╭─ Entries supplied

lemma card_Idx: "card (Idx g k) = dim_d g k"
proof -
  have eq: "Idx g k = {(i, j). 1 \<le> i \<and> i < j \<and> j \<le> k} \<times> {1..<g}" unfolding Idx_def by auto
  show ?thesis unfolding dim_d_def eq card_cartesian_product card_pairs_less by simp
qed

lemma finite_Zgk: "finite (Zgk g k)"
  by (simp add: Zgk_def finite_PiE)

lemma card_Zgk: "card (Zgk g k) = g ^ k"
  unfolding Zgk_def by (simp add: card_PiE)

lemma mem_Zgk_iff: "x \<in> Zgk g k \<longleftrightarrow> (\<forall>l\<in>{1..k}. x l < g) \<and> (\<forall>l. l \<notin> {1..k} \<longrightarrow> x l = undefined)"
  unfolding Zgk_def PiE_iff extensional_def by auto

section \<open>Shifting a block of coordinates\<close>

definition shift_on :: "nat \<Rightarrow> nat set \<Rightarrow> nat \<Rightarrow> (nat \<Rightarrow> nat) \<Rightarrow> nat \<Rightarrow> nat" where
  "shift_on g S a x = (\<lambda>l. if l \<in> S then (x l + a) mod g else x l)"

lemma shift_on_in_Zgk: "x \<in> Zgk g k \<Longrightarrow> S \<subseteq> {1..k} \<Longrightarrow> 0 < g \<Longrightarrow> shift_on g S a x \<in> Zgk g k"
  unfolding mem_Zgk_iff shift_on_def by auto

lemma shift_on_shift_on:
  assumes "x \<in> Zgk g k" "S \<subseteq> {1..k}" "(a + b) mod g = 0"
  shows "shift_on g S b (shift_on g S a x) = x"
proof
  fix l
  have "((x l + a) mod g + b) mod g = (x l + (a + b) mod g) mod g"
    by (simp add: mod_add_left_eq mod_add_right_eq add.assoc)
  then show "shift_on g S b (shift_on g S a x) l = x l"
    using assms unfolding shift_on_def mem_Zgk_iff by auto
qed

lemma bij_betw_shift_on:
  assumes "0 < g" "a < g" "S \<subseteq> {1..k}"
  shows "bij_betw (shift_on g S a) (Zgk g k) (Zgk g k)"
proof (rule bij_betw_byWitness[where f' = "shift_on g S ((g - a) mod g)"])
  have "(a + (g - a) mod g) mod g = 0" "((g - a) mod g + a) mod g = 0"
    using assms by (simp_all add: mod_add_left_eq mod_add_right_eq)
  with assms(3) show "\<forall>x\<in>Zgk g k. shift_on g S ((g - a) mod g) (shift_on g S a x) = x"
    and "\<forall>x\<in>Zgk g k. shift_on g S a (shift_on g S ((g - a) mod g) x) = x"
    by (simp_all add: shift_on_shift_on)
  show "shift_on g S a ` Zgk g k \<subseteq> Zgk g k" "shift_on g S ((g - a) mod g) ` Zgk g k \<subseteq> Zgk g k"
    using assms shift_on_in_Zgk by blast+
qed

section \<open>Phases and their inversion\<close>

definition Zind :: "nat \<Rightarrow> (nat \<Rightarrow> nat) \<Rightarrow> ((nat \<times> nat) \<times> nat) \<Rightarrow> real" where
  "Zind g x c = (case c of ((i,j),a) \<Rightarrow> if (int (x i) - int (x j)) mod int g = int a then 1 else 0)"

definition phase :: "nat \<Rightarrow> nat \<Rightarrow> (((nat \<times> nat) \<times> nat) \<Rightarrow> real) \<Rightarrow> (nat \<Rightarrow> nat) \<Rightarrow> real" where
  "phase g k \<theta> x = (\<Sum>c\<in>Idx g k. \<theta> c * Zind g x c)"

definition pin :: "nat \<Rightarrow> nat \<Rightarrow> nat \<Rightarrow> (nat \<Rightarrow> nat) \<Rightarrow> real" where
  "pin i j b x = (if x i = b \<and> x j = 0 then 1 else 0)"

definition dual :: "((nat \<times> nat) \<times> nat) \<Rightarrow> (nat \<Rightarrow> nat) \<Rightarrow> real" where
  "dual c x = (case c of ((i,j),a) \<Rightarrow> pin i j a x - pin i j 0 x)"

lemma Zvec_eq_Zind: "Zvec g x c = Zind g x c - 1 / real g"
  by (cases c) (auto simp: Zvec_def Zind_def)

lemma Zind_Ints: "Zind g x c \<in> \<int>"
  unfolding Zind_def by (auto split: prod.splits)

lemma Zind_bounds: "0 \<le> Zind g x c" "Zind g x c \<le> 1"
  unfolding Zind_def by (auto split: prod.splits)

lemma dual_Ints: "dual c x \<in> \<int>"
  unfolding dual_def pin_def by (auto split: prod.splits)

lemma Zind_shift_on:
  assumes "i \<in> S \<longleftrightarrow> j \<in> S"
  shows "Zind g (shift_on g S b x) ((i,j),a) = Zind g x ((i,j),a)"
proof (cases "i \<in> S")
  case True
  then have "(int (shift_on g S b x i) - int (shift_on g S b x j)) mod int g
      = ((int (x i) + int b) mod int g - (int (x j) + int b) mod int g) mod int g"
    using assms unfolding shift_on_def by (simp add: of_nat_mod)
  also have "\<dots> = (int (x i) - int (x j)) mod int g" by (simp add: mod_diff_eq)
  finally show ?thesis unfolding Zind_def by simp
next
  case False
  then show ?thesis using assms unfolding Zind_def shift_on_def by simp
qed

lemma pin_shift_on:
  assumes "x \<in> Zgk g k" "i \<in> S" "j \<notin> S" "S \<subseteq> {1..k}" "a < g"
  shows "pin i j a (shift_on g S a x) = pin i j 0 x"
proof -
  have "x i < g" using assms unfolding mem_Zgk_iff by auto
  then have "(x i + a) mod g = a \<longleftrightarrow> x i = 0"
    using \<open>a < g\<close> by (cases "x i + a < g") (auto simp: mod_if)
  then show ?thesis using assms unfolding pin_def shift_on_def by simp
qed

lemma sum_pin:
  assumes "i \<in> {1..k}" "j \<in> {1..k}" "i \<noteq> j" "b < g"
  shows "(\<Sum>x\<in>Zgk g k. pin i j b x) = real g ^ (k - 2)"
proof -
  define B where "B l = (if l = i then {b} else if l = j then {0} else {0..<g})" for l
  have "(\<Sum>x\<in>Zgk g k. pin i j b x) = real (card {x\<in>Zgk g k. x i = b \<and> x j = 0})"
    unfolding pin_def using sum.inter_filter[OF finite_Zgk, of "\<lambda>_. 1::real"] by (simp add: Int_def)
  also have "{x\<in>Zgk g k. x i = b \<and> x j = 0} = PiE {1..k} B"
    using assms unfolding Zgk_def B_def PiE_iff extensional_def by (auto split: if_splits)
  also have "card (PiE {1..k} B) = (\<Prod>l\<in>{1..k} - {i, j}. card (B l)) * (\<Prod>l\<in>{i, j}. card (B l))"
    unfolding card_PiE[OF finite_atLeastAtMost] using assms by (intro prod.subset_diff) auto
  also have "(\<Prod>l\<in>{1..k} - {i, j}. card (B l)) = g ^ card ({1..k} - {i, j})"
    by (simp add: B_def)
  also have "card ({1..k} - {i, j}) = k - 2"
    using assms by (subst card_Diff_subset) auto
  finally show ?thesis using assms by (simp add: B_def)
qed

lemma sum_pin_Zind_shift_invariant:
  assumes "0 < g" "a < g" "S \<subseteq> {1..k}" "i \<in> S" "j \<notin> S" "i' \<in> S \<longleftrightarrow> j' \<in> S"
  shows "(\<Sum>x\<in>Zgk g k. pin i j a x * Zind g x ((i',j'),a'))
       = (\<Sum>x\<in>Zgk g k. pin i j 0 x * Zind g x ((i',j'),a'))"
proof -
  have "(\<Sum>x\<in>Zgk g k. pin i j a x * Zind g x ((i',j'),a'))
      = (\<Sum>x\<in>Zgk g k. pin i j a (shift_on g S a x) * Zind g (shift_on g S a x) ((i',j'),a'))"
    using sum.reindex_bij_betw[OF bij_betw_shift_on[OF assms(1-3)],
        of "\<lambda>x. pin i j a x * Zind g x ((i',j'),a')"] by simp
  also have "\<dots> = (\<Sum>x\<in>Zgk g k. pin i j 0 x * Zind g x ((i',j'),a'))"
    by (rule sum.cong) (use assms pin_shift_on Zind_shift_on in auto)
  finally show ?thesis .
qed

text \<open>If c' and c = ((i,j),a) have different endpoints, adding a to the coordinates of a block S
  that separates i from j but not the endpoints of c' maps the event x i = a, x j = 0 onto
  x i = 0, x j = 0 and leaves Zind x c' unchanged; if they have the same endpoints but c' \<noteq> c,
  both events are incompatible with x i - x j = a'.\<close>

lemma sum_dual_Zind:
  assumes c: "c \<in> Idx g k" and c': "c' \<in> Idx g k"
  shows "(\<Sum>x\<in>Zgk g k. dual c x * Zind g x c') = (if c' = c then real g ^ (k - 2) else 0)"
proof -
  obtain i j a i' j' a' where eq: "c = ((i,j),a)" "c' = ((i',j'),a')" by (metis prod.collapse)
  have ij: "1 \<le> i" "i < j" "j \<le> k" "1 \<le> a" "a < g" using c eq unfolding Idx_def by auto
  have ij': "1 \<le> i'" "i' < j'" "j' \<le> k" "1 \<le> a'" "a' < g" using c' eq unfolding Idx_def by auto
  have dual_eq: "dual c x = pin i j a x - pin i j 0 x" for x unfolding dual_def eq by simp
  show ?thesis
  proof (cases "c' = c")
    case True
    then have "dual c x * Zind g x c' = pin i j a x" for x
      using ij unfolding dual_eq True unfolding eq pin_def Zind_def by (auto simp: of_nat_mod[symmetric])
    then show ?thesis using True ij by (simp add: sum_pin)
  next
    case False
    have "(\<Sum>x\<in>Zgk g k. pin i j a x * Zind g x c') = (\<Sum>x\<in>Zgk g k. pin i j 0 x * Zind g x c')"
    proof (cases "i \<notin> {i', j'}")
      case True
      then show ?thesis unfolding eq using ij by (intro sum_pin_Zind_shift_invariant[where S = "{i}"]) auto
    next
      case i_in: False
      show ?thesis
      proof (cases "j \<notin> {i', j'}")
        case True
        then show ?thesis unfolding eq using ij ij' i_in
          by (intro sum_pin_Zind_shift_invariant[where S = "{1..k} - {j}"]) auto
      next
        case False
        then have "i' = i" "j' = j" "a' \<noteq> a" using i_in \<open>c' \<noteq> c\<close> ij ij' eq by auto
        then have "pin i j a x * Zind g x c' = 0" "pin i j 0 x * Zind g x c' = 0" for x
          using ij ij' unfolding pin_def Zind_def eq by (auto simp: of_nat_mod[symmetric])
        then show ?thesis by (simp only: sum.neutral_const)
      qed
    qed
    then show ?thesis using False by (simp add: dual_eq left_diff_distrib sum_subtractf)
  qed
qed

lemma sum_dual_phase:
  assumes "c \<in> Idx g k"
  shows "(\<Sum>x\<in>Zgk g k. dual c x * phase g k \<theta> x) = real g ^ (k - 2) * \<theta> c"
proof -
  have "(\<Sum>x\<in>Zgk g k. dual c x * phase g k \<theta> x)
      = (\<Sum>c'\<in>Idx g k. \<theta> c' * (\<Sum>x\<in>Zgk g k. dual c x * Zind g x c'))"
    unfolding phase_def
    by (simp add: sum_distrib_left sum_distrib_right mult.assoc mult.left_commute sum.swap[of _ "Zgk g k"])
  also have "\<dots> = (\<Sum>c'\<in>Idx g k. if c' = c then real g ^ (k - 2) * \<theta> c else 0)"
    using assms by (intro sum.cong) (auto simp: sum_dual_Zind)
  finally show ?thesis using assms finite_Idx by simp
qed

lemma abs_sum_dual_le:
  assumes c: "c \<in> Idx g k" and bound: "\<And>x. x \<in> Zgk g k \<Longrightarrow> \<bar>f x\<bar> \<le> \<rho>"
  shows "\<bar>\<Sum>x\<in>Zgk g k. dual c x * f x\<bar> \<le> 2 * real g ^ (k - 2) * \<rho>"
proof -
  obtain i j a where eq: "c = ((i,j),a)" by (metis prod.collapse)
  have ij: "1 \<le> i" "i < j" "j \<le> k" "1 \<le> a" "a < g" using c eq unfolding Idx_def by auto
  have "\<bar>\<Sum>x\<in>Zgk g k. dual c x * f x\<bar> \<le> (\<Sum>x\<in>Zgk g k. (pin i j a x + pin i j 0 x) * \<rho>)"
  proof (rule order_trans[OF sum_abs sum_mono])
    fix x assume "x \<in> Zgk g k"
    have "\<bar>dual c x\<bar> = pin i j a x + pin i j 0 x"
      using ij unfolding dual_def pin_def eq by auto
    then show "\<bar>dual c x * f x\<bar> \<le> (pin i j a x + pin i j 0 x) * \<rho>"
      using bound[OF \<open>x \<in> Zgk g k\<close>] by (simp add: abs_mult mult_left_mono)
  qed
  also have "\<dots> = 2 * real g ^ (k - 2) * \<rho>"
    using ij by (simp add: sum_distrib_right[symmetric] sum.distrib sum_pin)
  finally show ?thesis .
qed

lemma abs_sub_dual_lift_le:
  fixes n :: "(nat \<Rightarrow> nat) \<Rightarrow> int"
  assumes "0 < g" and c: "c \<in> Idx g k"
    and near: "\<And>x. x \<in> Zgk g k \<Longrightarrow> \<bar>phase g k \<theta> x - 2 * pi * n x\<bar> \<le> \<rho>"
  shows "\<bar>\<theta> c - 2 * pi * ((\<Sum>x\<in>Zgk g k. dual c x * n x) / real g ^ (k - 2))\<bar> \<le> 2 * \<rho>"
proof -
  define G where "G = real g ^ (k - 2)"
  define m where "m = (\<Sum>x\<in>Zgk g k. dual c x * n x) / G"
  have "G > 0" using \<open>0 < g\<close> by (simp add: G_def)
  have "G * \<bar>\<theta> c - 2 * pi * m\<bar> = \<bar>(\<Sum>x\<in>Zgk g k. dual c x * phase g k \<theta> x) - 2 * pi * (G * m)\<bar>"
    using sum_dual_phase[OF c, of \<theta>] \<open>G > 0\<close> unfolding G_def[symmetric]
    by (simp add: abs_mult flip: right_diff_distrib mult.left_commute[of G])
  also have "\<dots> = \<bar>\<Sum>x\<in>Zgk g k. dual c x * (phase g k \<theta> x - 2 * pi * n x)\<bar>"
  proof -
    have "G * m = (\<Sum>x\<in>Zgk g k. dual c x * n x)" using \<open>G > 0\<close> by (simp add: m_def)
    then show ?thesis by (simp add: algebra_simps sum_subtractf sum_distrib_left)
  qed
  also have "\<dots> \<le> G * (2 * \<rho>)"
    using abs_sum_dual_le[of c g k "\<lambda>x. phase g k \<theta> x - 2 * pi * n x" \<rho>] c near
    unfolding G_def by (simp add: algebra_simps)
  finally have "\<bar>\<theta> c - 2 * pi * m\<bar> \<le> 2 * \<rho>" using \<open>G > 0\<close> by (simp add: mult_le_cancel_left_pos)
  then show ?thesis unfolding m_def G_def .
qed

╰─

#### Assigned task:
Whenever a line holds "split", it counts; state the total for the records and add nothing.

#### Solution below:
4